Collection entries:
definition "m = multiplicity G"
definition "l = last_jump k G"

lemma finite: "finite G" and zero_not_mem: "0 \<notin> G"
  using gapset gapset_finite gapset_zero_not_mem by blast+

lemma m_pos: "1 \<le> m" and m_not_mem: "m \<notin> G" and mem_below_m: "\<And>x. 1 \<le> x \<Longrightarrow> x < m \<Longrightarrow> x \<in> G"
  using multiplicity[OF finite] unfolding m_def by auto

lemma jump_at_l: "jump_at k G l" and jump_le_l: "\<And>x. jump_at k G x \<Longrightarrow> x \<le> l"
  using has_jump Max_in[OF finite_jumps[OF finite]] Max_ge[OF finite_jumps[OF finite]]
  unfolding l_def last_jump_def by auto

lemma l_mem: "l \<in> G" and l_k_mem: "l + k \<in> G" and not_mem_in_jump: "\<And>z. l < z \<Longrightarrow> z < l + k \<Longrightarrow> z \<notin> G"
  using jump_at_l unfolding jump_at_def by auto

lemma l_pos: "1 \<le> l"
  using l_mem zero_not_mem by (cases l) auto

lemma mem_above_l: "u \<in> G \<Longrightarrow> l < u \<Longrightarrow> l + k \<le> u"
  using not_mem_in_jump by (meson not_le)

lemma double_m_not_mem: "2 * m \<notin> G"
  using gapset_add_not_mem[OF gapset m_pos m_pos m_not_mem m_not_mem] by (simp add: mult_2)

lemma k_le_m: "k \<le> m"
proof (rule ccontr)
  assume "\<not> k \<le> m"
  then have "l + k - m \<notin> G" "1 \<le> l + k - m" using not_mem_in_jump m_pos by auto
  then have "l + k - m + m \<notin> G" using gapset_add_not_mem[OF gapset _ m_pos _ m_not_mem] by blast
  then show False using l_k_mem \<open>\<not> k \<le> m\<close> by simp
qed

lemma m_le_Suc_l: "m \<le> l + 1"
proof (rule ccontr)
  assume "\<not> m \<le> l + 1"
  then show False using mem_below_m[of "l + 1"] not_mem_in_jump[of "l + 1"] k_ge_2 by simp
qed

lemma jump_at_ge: "jump_at k G a \<Longrightarrow> m \<le> a + 1"
  using mem_below_m[of "a + 1"] k_ge_2 unfolding jump_at_def by fastforce

lemma successor_within:
  assumes "p \<in> G" "c \<in> G" "p < c"
  obtains s where "consecutive G p s" "s \<le> p + k"
  using consecutive_exists[OF finite assms] sparse assms
  unfolding sparse_iff_consecutive[OF finite] by blast

text \<open>If u > l + m, its predecessor p in G satisfies p \<le> l + m and u < p + k (otherwise
  p would start a later jump), so u - m lies strictly inside the last jump and
  u = (u - m) + m would be a gap.\<close>
lemma mem_beyond_jump_le: "u \<in> G \<Longrightarrow> l + k \<le> u \<Longrightarrow> u \<le> l + m"
proof (induction u rule: less_induct)
  case (less u)
  show ?case
  proof (rule ccontr)
    assume u_large: "\<not> u \<le> l + m"
    let ?P = "{x\<in>G. x < u}"
    have P: "finite ?P" "l + k \<in> ?P" using finite l_k_mem u_large k_le_m by auto
    define p where "p = Max ?P"
    have "p \<in> ?P" using Max_in[OF P(1)] P(2) p_def by blast
    then have p: "p \<in> G" "p < u" "l + k \<le> p" using Max_ge[OF P] p_def by auto
    have "consecutive G p u"
      unfolding consecutive_def using Max_ge[OF P(1)] p less.prems p_def by fastforce
    then obtain s where "consecutive G p s" "s \<le> p + k" using successor_within p less.prems by blast
    then have "u \<le> p + k" using \<open>consecutive G p u\<close> unfolding consecutive_def by fastforce
    moreover have "u \<noteq> p + k"
      using jump_le_l[of p] jump_at_iff_consecutive[of k G p] \<open>consecutive G p u\<close> p(3) k_ge_2 by auto
    moreover have "p \<le> l + m" using less.IH p by blast
    ultimately have "l < u - m" "u - m < l + k" using u_large k_le_m by auto
    then have "u - m \<notin> G" "1 \<le> u - m" using not_mem_in_jump by auto
    then have "u - m + m \<notin> G" using gapset_add_not_mem[OF gapset _ m_pos _ m_not_mem] by blast
    then show False using less.prems u_large by simp
  qed
qed

lemma m_less_card: "x \<in> G \<Longrightarrow> y \<in> G \<Longrightarrow> m < x \<Longrightarrow> x < y \<Longrightarrow> m < card G"
proof -
  assume xy: "x \<in> G" "y \<in> G" "m < x" "x < y"
  then have "{1..<m} \<union> {x, y} \<subseteq> G" using mem_below_m by auto
  then have "card ({1..<m} \<union> {x, y}) \<le> card G" using finite card_mono by blast
  moreover have "card ({1..<m} \<union> {x, y}) = m + 1" using xy m_pos by (subst card_Un_disjoint) auto
  ultimately show ?thesis by simp
qed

→ **Work item**:
Give back, word for word, the lines from the one with "card_mono by blast" through the last line of the entries, both included, and no other line.

→ **Response area**:
  then have "card ({1..<m} \<union> {x, y}) \<le> card G" using finite card_mono by blast
  moreover have "card ({1..<m} \<union> {x, y}) = m + 1" using xy m_pos by (subst card_Un_disjoint) auto
  ultimately show ?thesis by simp
qed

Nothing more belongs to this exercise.